Notwithstanding, from the middle of the 1960s onward, the UN General Assembly began adopting resolutions to strengthen the Geneva Protocol, which eventually gave way to the negotiation of the BTWC and CWC. It also established a foundation for the UN Secretary General to set up an independent mechanism to investigate alleged CBW use in the 1980s. Finally, the 1998 Rome Statute of the International Criminal Court adopted the Protocol’s wording on asphyxiating gases, thus elevating the use of toxicants as a method of warfare in both internal and international armed conflicts to a war crime. Today, the Geneva Protocol numbers 138 parties, and is therefore the fourth most successful weapon control agreement after the NPT, the CWC and the BTWC.
These achievements—the gradual strengthening of the norm against CBW use in any type of armed conflict and ultimately disarmament—grew out of insights gained during a mere seven weeks in 1925. The diplomats immediately acted upon the most important one: without an overarching ban on CBW use, there could not be any restriction of other types of activities relating to chemical or biological weapons.
In 1926, the League of Nations began with the preparations for a general disarmament treaty. While they had laid the foundation to develop further restrictions on CBW, delegates would now have to resolve the dual-use dilemma. By the end of 1932 they came up with a solution that would eventually become the cornerstone of both the BTWC and CWC. This will be the subject of the second part of this series on the Geneva Protocol.
Sources consulted
‘A Treaty Between the Same Powers, in Relation to the Use of Submarines and Noxious Gases in Warfare’, American Journal of International Law, Vol. 16, No. 2, Supplement: Official Documents (April 1922), pp. 57–60.
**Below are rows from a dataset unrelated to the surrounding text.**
(* Ordered by increasing forward difference, i.e. decreasing gain, further points go to the right,
   left, right and middle block, periodically. The polynomials are the numerators of the
   differences of the closed forms of fdiff. *)
lemma marginal_chain:
  fixes x :: nat
  shows "8 * fdiff end_cost (2 * x + 1) < fdiff end_cost (x + 1)"
    and "fdiff end_cost (x + 1) < 8 * fdiff end_cost (2 * x + 2)"
    and "8 * fdiff end_cost (2 * x + 2) < fdiff inner_cost (x + 2)"
    and "fdiff inner_cost (x + 2) < 8 * fdiff end_cost (2 * x + 3)"
proof -
  define t where "t = real x"
  have t: "0 \<le> t" by (simp add: t_def)
  have "- (64 * (2 * t + 1)) / ((4 * t + 1) * (4 * t + 3))^2 < - (8 * (t + 1)) / ((2 * t + 1) * (2 * t + 3))^2"
    by (rule neg_divide_less_by_poly[where p = 504 and q = 3384 and r = 8192 and s = 8448 and u = 3072 and t = t],
        algebra) (use t in auto)
  then show "8 * fdiff end_cost (2 * x + 1) < fdiff end_cost (x + 1)"
    by (simp add: fdiff_end_cost t_def algebra_simps)
  have "- (8 * (t + 1)) / ((2 * t + 1) * (2 * t + 3))^2 < - (64 * (2 * t + 2)) / ((4 * t + 3) * (4 * t + 5))^2"
    by (rule neg_divide_less_by_poly[where p = 648 and q = 2184 and r = 2304 and s = 768 and u = 0 and t = t],
        algebra) (use t in auto)
  then show "fdiff end_cost (x + 1) < 8 * fdiff end_cost (2 * x + 2)"
    by (simp add: fdiff_end_cost t_def algebra_simps)
  have "- (64 * (2 * t + 2)) / ((4 * t + 3) * (4 * t + 5))^2 < - (4 * (2 * t + 3)) / ((2 * t + 2) * (2 * t + 4))^2"
    by (rule neg_divide_less_by_poly[where p = 5492 and q = 19448 and r = 25472 and s = 14592 and u = 3072 and t = t],
        algebra) (use t in auto)
  then show "8 * fdiff end_cost (2 * x + 2) < fdiff inner_cost (x + 2)"
    by (simp add: fdiff_end_cost fdiff_inner_cost t_def algebra_simps)
  have "- (4 * (2 * t + 3)) / ((2 * t + 2) * (2 * t + 4))^2 < - (64 * (2 * t + 3)) / ((4 * t + 5) * (4 * t + 7))^2"
    by (rule neg_divide_less_by_poly[where p = 2412 and q = 5064 and r = 3456 and s = 768 and u = 0 and t = t],
        algebra) (use t in auto)
  then show "fdiff inner_cost (x + 2) < 8 * fdiff end_cost (2 * x + 3)"
    by (simp add: fdiff_end_cost fdiff_inner_cost t_def algebra_simps)
qed

(* 192 times the error bound of k, l, m points in [0,1/4], [1/4,1/2], [1/2,1]: (1/4)^3/3 = 1/192,
   and the right block is twice as long. *)
definition cost :: "nat \<Rightarrow> nat \<Rightarrow> nat \<Rightarrow> real" where
  "cost k l m = end_cost k + inner_cost l + 8 * end_cost m"

definition marginals_separated :: "nat \<Rightarrow> nat \<Rightarrow> nat \<Rightarrow> bool" where
  "marginals_separated a1 a2 a3 \<longleftrightarrow>
     max (fdiff end_cost (a1 - 1)) (max (fdiff inner_cost (a2 - 1)) (8 * fdiff end_cost (a3 - 1)))
     < min (fdiff end_cost a1) (min (fdiff inner_cost a2) (8 * fdiff end_cost a3))"

lemma greedy_counts_separated:
  fixes x :: nat
  shows "marginals_separated (x + 2) (x + 3) (2 * x + 3)"
    and "marginals_separated (x + 2) (x + 3) (2 * x + 4)"
    and "marginals_separated (x + 3) (x + 3) (2 * x + 4)"
    and "marginals_separated (x + 3) (x + 3) (2 * x + 5)"
proof -
  have shift: "x + 1 + 1 = x + 2" "x + 1 + 2 = x + 3" "x + 2 + 1 = x + 3"
    "2 * (x + 1) + 1 = 2 * x + 3" "2 * (x + 1) + 2 = 2 * x + 4" "2 * (x + 1) + 3 = 2 * x + 5"
    "2 * (x + 2) + 1 = 2 * x + 5"
    by simp_all
  have pred: "x + 2 - 1 = x + 1" "x + 3 - 1 = x + 2"
    "2 * x + 3 - 1 = 2 * x + 2" "2 * x + 4 - 1 = 2 * x + 3" "2 * x + 5 - 1 = 2 * x + 4"
    by simp_all
  note chain = marginal_chain[of x] marginal_chain[of "x + 1", unfolded shift]
    marginal_chain(1)[of "x + 2", unfolded shift]
  show "marginals_separated (x + 2) (x + 3) (2 * x + 3)"
    and "marginals_separated (x + 2) (x + 3) (2 * x + 4)"
    and "marginals_separated (x + 3) (x + 3) (2 * x + 4)"
    and "marginals_separated (x + 3) (x + 3) (2 * x + 5)"
    unfolding marginals_separated_def pred max_less_iff_conj min_less_iff_conj
    using chain by (intro conjI; linarith)+
qed

lemma fdiff_cmult: "fdiff (\<lambda>j. c * \<phi> j) j = c * fdiff \<phi> j"
  by (simp add: fdiff_def algebra_simps)

lemma cost_unique_min:
  assumes a: "2 \<le> a1" "3 \<le> a2" "2 \<le> a3" "marginals_separated a1 a2 a3"
    and y: "1 \<le> y1" "2 \<le> y2" "1 \<le> y3" "y1 + y2 + y3 \<le> a1 + a2 + a3"
    and le: "cost y1 y2 y3 \<le> cost a1 a2 a3"
  shows "y1 = a1 \<and> y2 = a2 \<and> y3 = a3"
proof -
  define lo where "lo = max (fdiff end_cost (a1 - 1)) (max (fdiff inner_cost (a2 - 1)) (8 * fdiff end_cost (a3 - 1)))"
  define hi where "hi = min (fdiff end_cost a1) (min (fdiff inner_cost a2) (8 * fdiff end_cost a3))"
  define lam where "lam = (lo + hi) / 2"
  have "lo < hi" using a(4) by (simp add: lo_def hi_def marginals_separated_def)
  moreover have "hi < 0" using fdiff_end_cost_neg[of a1] a(1) by (simp add: hi_def)
  ultimately have lam: "lo < lam" "lam < hi" "lam \<le> 0" by (simp_all add: lam_def)
  define \<phi> where "\<phi> = (\<lambda>i::nat. [end_cost, inner_cost, \<lambda>j. 8 * end_cost j] ! i)"
  define A where "A = (\<lambda>i::nat. [a1, a2, a3] ! i)"
  define Y where "Y = (\<lambda>i::nat. [y1, y2, y3] ! i)"
  define D where "D = (\<lambda>i::nat. [1, 2, 1 :: nat] ! i)"
  have "\<forall>i\<in>{0, 1, 2}. Y i = A i"
  proof (rule separable_convex_unique_min[where \<phi> = \<phi> and d = D and lam = lam])
    show "fdiff (\<phi> i) j \<le> fdiff (\<phi> i) (Suc j)" if "i \<in> {0, 1, 2}" "D i \<le> j" for i j
      using that end_cost_convex[of j] inner_cost_convex[of j]
      by (auto simp: \<phi>_def D_def fdiff_cmult)
    show "fdiff (\<phi> i) (A i - 1) < lam" "lam < fdiff (\<phi> i) (A i)" if "i \<in> {0, 1, 2}" for i
      using that lam by (auto simp: \<phi>_def A_def lo_def hi_def fdiff_cmult)
  qed (use a y le lam in \<open>auto simp: \<phi>_def A_def Y_def D_def cost_def\<close>)
  then show ?thesis by (simp add: A_def Y_def)
qed

section \<open>Optimal configurations for the uniform distribution\<close>

lemma distortion_unif01_nonneg: "finite G \<Longrightarrow> G \<noteq> {} \<Longrightarrow> 0 \<le> distortion unif01 G"
  by (simp add: distortion_unif01 integral_nonneg integrable_min_sqdist min_sqdist_nonneg)

lemma distortion_unif01_split:
  assumes "finite G" "G \<noteq> {}"
  shows "distortion unif01 G = integral {0..1/4} (min_sqdist G) + integral {1/4..1/2} (min_sqdist G)
      + integral {1/2..1} (min_sqdist G)"
proof -
  have "integral {1/4..1/2} (min_sqdist G) + integral {1/2..1} (min_sqdist G) = integral {1/4..1} (min_sqdist G)"
    using assms by (intro integral_min_sqdist_combine) auto
  moreover have "integral {0..1/4} (min_sqdist G) + integral {1/4..1} (min_sqdist G) = integral {0..1} (min_sqdist G)"
    using assms by (intro integral_min_sqdist_combine) auto
  ultimately show ?thesis using distortion_unif01[OF assms] by simp
qed

lemma grid_distortion_le_cost:
  assumes "finite G" "1 \<le> k" "2 \<le> l" "1 \<le> m" "0 \<le> h1" "0 \<le> h2" "0 \<le> h3"
    and "(2 * real k - 1) * h1 = 1/4" "(real l - 1) * h2 = 1/4" "(2 * real m - 1) * h3 = 1/2"
    and "(\<lambda>i. (2 * real i + 1) * h1) ` {..<k} \<subseteq> G" "(\<lambda>i. 1/4 + real i * h2) ` {..<l} \<subseteq> G"
      "(\<lambda>i. 1 - (2 * real i + 1) * h3) ` {..<m} \<subseteq> G"
  shows "192 * distortion unif01 G \<le> cost k l m"
proof -
  have "(0::nat) \<in> {..<l}" using assms(3) by simp
  then have "1/4 + real 0 * h2 \<in> G" using assms(12) by blast
  then have G: "G \<noteq> {}" by auto
  have "integral {0..1/4} (min_sqdist G) \<le> (1/4 - 0)^3 / 3 * end_cost k"
    using assms by (intro integral_min_sqdist_le_end_grid[of _ h1]) auto
  moreover have "integral {1/4..1/2} (min_sqdist G) \<le> (1/2 - 1/4)^3 / 3 * inner_cost l"
    using assms by (intro integral_min_sqdist_le_inner_grid[of _ h2]) auto
  moreover have "integral {1/2..1} (min_sqdist G) \<le> (1 - 1/2)^3 / 3 * end_cost m"
    using assms by (intro integral_min_sqdist_le_end_grid_right[of _ h3]) auto
  ultimately show ?thesis
    unfolding distortion_unif01_split[OF assms(1) G] cost_def by (simp add: power_divide)
qed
‘Convention for the Limitation of Armaments’, American Journal of International Law, Vol. 17, No. 2, Supplement: Official Documents (April 1923), pp. 114–17.
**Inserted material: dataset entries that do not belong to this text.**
lemma Zygmund_on_endpoint_bound:
  assumes "0 < \<gamma>" "a < b" "b - a < 1" "continuous_on {a..b} f" "f a = 0" "Zygmund_on \<gamma> a b f"
  shows "\<exists>C>0. \<forall>u. 0 \<le> u \<and> u \<le> 1/2 \<longrightarrow> \<bar>f (a + u * (b - a))\<bar> \<le> C * Tg \<gamma> u (b - a)"
proof -
  define h where "h = b - a"
  have "0 < h" "h < 1" using assms unfolding h_def by auto
  obtain C0 where "C0 > 0" and C0: "\<And>\<tau> \<xi>. 0 \<le> \<tau> \<Longrightarrow> \<tau> \<le> h / 2 \<Longrightarrow> \<xi> - \<tau> \<in> {a..b} \<Longrightarrow>
      \<xi> + \<tau> \<in> {a..b} \<Longrightarrow> \<bar>f (\<xi> + \<tau>) + f (\<xi> - \<tau>) - 2 * f \<xi>\<bar> \<le> C0 * \<tau> * Zg \<gamma> \<tau>"
    using assms(6) unfolding Zygmund_on_def h_def by blast
  have "continuous_on {0..1} (\<lambda>u. f (a + u * h))"
  proof (rule continuous_on_compose2[OF assms(4)])
    have "a + u * h \<in> {a..b}" if "u \<in> {0..1}" for u
    proof -
      have "u * h \<le> h" "0 \<le> u * h" using that \<open>0 < h\<close> by (auto intro: mult_left_le_one_le)
      then show ?thesis unfolding atLeastAtMost_iff using h_def by linarith
    qed
    then show "(\<lambda>u. a + u * h) ` {0..1} \<subseteq> {a..b}" by auto
  qed (auto intro!: continuous_intros)
  moreover have "\<bar>f (a + 2 * u * h) - 2 * f (a + u * h)\<bar> \<le> C0 * h * u * Zg \<gamma> (u * h)"
    if "0 < u" "u \<le> 1/2" for u
  proof -
    define \<tau> where "\<tau> = u * h"
    have "0 \<le> \<tau>" "\<tau> \<le> h / 2" using that \<open>0 < h\<close> unfolding \<tau>_def by simp_all
    moreover have "(a + \<tau>) - \<tau> \<in> {a..b}" "(a + \<tau>) + \<tau> \<in> {a..b}"
      using calculation h_def by auto
    ultimately have "\<bar>f ((a + \<tau>) + \<tau>) + f ((a + \<tau>) - \<tau>) - 2 * f (a + \<tau>)\<bar> \<le> C0 * \<tau> * Zg \<gamma> \<tau>"
      by (rule C0)
    then show ?thesis using \<open>f a = 0\<close> unfolding \<tau>_def by (simp add: algebra_simps)
  qed
  ultimately obtain C where "C > 0"
    and C: "\<And>u. 0 < u \<Longrightarrow> u \<le> 1/2 \<Longrightarrow> \<bar>f (a + u * h)\<bar> \<le> C * u * Zg_tail \<gamma> h u"
    using Zg_tail_bound_from_doubling[OF \<open>0 < \<gamma>\<close> \<open>0 < h\<close> \<open>h < 1\<close>, of "\<lambda>u. f (a + u * h)" "C0 * h"]
      \<open>C0 > 0\<close> \<open>0 < h\<close> by (auto simp: mult.assoc)
  have "\<bar>f (a + u * h)\<bar> \<le> C * Tg \<gamma> u h" if "0 \<le> u" "u \<le> 1/2" for u
  proof (cases "u = 0")
    case False
    with that have "C * (u * Zg_tail \<gamma> h u) \<le> C * Tg \<gamma> u h"
      using Tg_ge_Zg_tail \<open>0 < h\<close> \<open>C > 0\<close> by (intro mult_left_mono) auto
    with C[of u] False that show ?thesis by (simp add: mult.assoc)
  qed (simp add: \<open>f a = 0\<close> Tg_def)
  with \<open>C > 0\<close> show ?thesis unfolding h_def by blast
qed

lemma Zygmund_on_vanishing_endpoints_bound:
  assumes "0 < \<gamma>" "a < b" "b - a < 1" "continuous_on {a..b} f" "f a = 0" "f b = 0"
    and "Zygmund_on \<gamma> a b f"
  shows "\<exists>C>0. \<forall>u. 0 \<le> u \<and> u \<le> 1/2 \<longrightarrow>
    \<bar>f (a + u * (b - a))\<bar> \<le> C * Tg \<gamma> u (b - a) \<and> \<bar>f (b - u * (b - a))\<bar> \<le> C * Tg \<gamma> u (b - a)"
proof -
  obtain C1 where "C1 > 0"
    and C1: "\<And>u. 0 \<le> u \<Longrightarrow> u \<le> 1/2 \<Longrightarrow> \<bar>f (a + u * (b - a))\<bar> \<le> C1 * Tg \<gamma> u (b - a)"
    using Zygmund_on_endpoint_bound[OF assms(1-5,7)] by blast
  obtain C2 where "C2 > 0"
    and C2: "\<And>u. 0 \<le> u \<Longrightarrow> u \<le> 1/2 \<Longrightarrow> \<bar>f (b - u * (b - a))\<bar> \<le> C2 * Tg \<gamma> u (b - a)"
    using Zygmund_on_endpoint_bound[OF assms(1-3) continuous_on_reflect_interval[OF assms(4)] _
        Zygmund_on_reflect[OF assms(7)]] \<open>f b = 0\<close> by (auto simp: algebra_simps)
  have "\<bar>f (a + u * (b - a))\<bar> \<le> (C1 + C2) * Tg \<gamma> u (b - a)
      \<and> \<bar>f (b - u * (b - a))\<bar> \<le> (C1 + C2) * Tg \<gamma> u (b - a)" if "0 \<le> u" "u \<le> 1/2" for u
  proof -
    have "0 \<le> Tg \<gamma> u (b - a)" using that assms by (intro Tg_nonneg) auto
    then have "C1 * Tg \<gamma> u (b - a) \<le> (C1 + C2) * Tg \<gamma> u (b - a)"
      "C2 * Tg \<gamma> u (b - a) \<le> (C1 + C2) * Tg \<gamma> u (b - a)"
      using \<open>C1 > 0\<close> \<open>C2 > 0\<close> by (simp_all add: mult_right_mono)
    with C1[OF that] C2[OF that] show ?thesis by linarith
  qed
  with \<open>C1 > 0\<close> \<open>C2 > 0\<close> show ?thesis by (intro exI[of _ "C1 + C2"]) auto
qed

theorem lemma2p7:
  fixes a b \<gamma> :: real and K K' :: "real \<Rightarrow> real"
  assumes "a < b" and "b - a < 1" and "\<gamma> > 0"
    and "D1Z \<gamma> a b K K'"
  shows "\<exists>C>0. \<forall>x\<in>{a..b}.
    (let z = (b - x) / (b - a) in
      \<bar>z * K' a + (1 - z) * K' b - K' x\<bar>
        \<le> (if z \<le> 1/2 then C * (b - a) * Tg \<gamma> z (b - a)
            else C * (b - a) * Tg \<gamma> (1 - z) (b - a)))"
proof -
  define h where "h = b - a"
  have "0 < h" using assms unfolding h_def by simp
  define r where "r x = K' x - ((b - x) / h * K' a + (1 - (b - x) / h) * K' b)" for x
  have r_affine: "r = (\<lambda>x. K' x - ((K' b - K' a) / h * x + (K' a * b - K' b * a) / h))"
    using \<open>0 < h\<close> unfolding r_def h_def by (auto simp: field_simps)
  have "continuous_on {a..b} K'" "Zygmund_on \<gamma> a b K'"
    using assms(4) by (auto simp: D1Z_iff C1_diffeo_on_def)
  then have "continuous_on {a..b} r" "Zygmund_on \<gamma> a b r"
    unfolding r_affine by (auto intro!: continuous_intros simp del: times_divide_eq_left)
      (rule Zygmund_on_diff_affine)
  moreover have "r a = 0" "r b = 0" using \<open>0 < h\<close> unfolding r_def h_def by simp_all
  ultimately obtain C where "C > 0" and C: "\<And>u. 0 \<le> u \<Longrightarrow> u \<le> 1/2 \<Longrightarrow>
      \<bar>r (a + u * h)\<bar> \<le> C * Tg \<gamma> u h \<and> \<bar>r (b - u * h)\<bar> \<le> C * Tg \<gamma> u h"
    using Zygmund_on_vanishing_endpoints_bound[OF assms(3,1,2)] unfolding h_def by blast
  show ?thesis
  proof (intro exI[of _ "C / h"] conjI ballI)
    show "0 < C / h" using \<open>0 < h\<close> \<open>C > 0\<close> by simp
    fix x
    assume "x \<in> {a..b}"
    define z where "z = (b - x) / (b - a)"
    have "0 \<le> z" "z \<le> 1"
      using \<open>x \<in> {a..b}\<close> \<open>0 < h\<close> unfolding z_def h_def by (auto simp: divide_le_eq_1)
    moreover have "x = b - z * h" "x = a + (1 - z) * h"
      using \<open>0 < h\<close> unfolding z_def h_def by (auto simp: field_simps)
    moreover have "\<bar>z * K' a + (1 - z) * K' b - K' x\<bar> = \<bar>r x\<bar>"
      unfolding r_def z_def h_def by (rule abs_minus_commute)
    moreover have "C / h * (b - a) = C" using \<open>0 < h\<close> h_def by simp
    ultimately show "let z = (b - x) / (b - a) in
      \<bar>z * K' a + (1 - z) * K' b - K' x\<bar>
        \<le> (if z \<le> 1/2 then C / h * (b - a) * Tg \<gamma> z (b - a)
            else C / h * (b - a) * Tg \<gamma> (1 - z) (b - a))"
      using C[of z] C[of "1 - z"] unfolding Let_def z_def[symmetric] h_def[symmetric] by auto
  qed
qed

end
J. Goldblat, The Problem of Chemical and Biological Warfare. Volume IV: CB Disarmament Negotiations 1920-1970 (SIPRI and Almqvist & Wiksell: Stockholm, 1971).
League of Nations, Proceedings of the Conference for the Supervision of the International Trade in Arms and Ammunition and in Implements of War. Held at Geneva, May 4th to June 17th, 1925, September 1925.
UN Office for Disarmament Affairs, Protocol for the Prohibition of the Use in War of Asphyxiating, Poisonous or Other Gases, and of Bacteriological Methods of Warfare, Status of the Treaty.
J. P. Zanders, ‘The CWC in the context of the 1925 Geneva debates ‘, Nonproliferation Review, vol. 3, no. 3 (Spring–Summer 1996), pp. 38–45.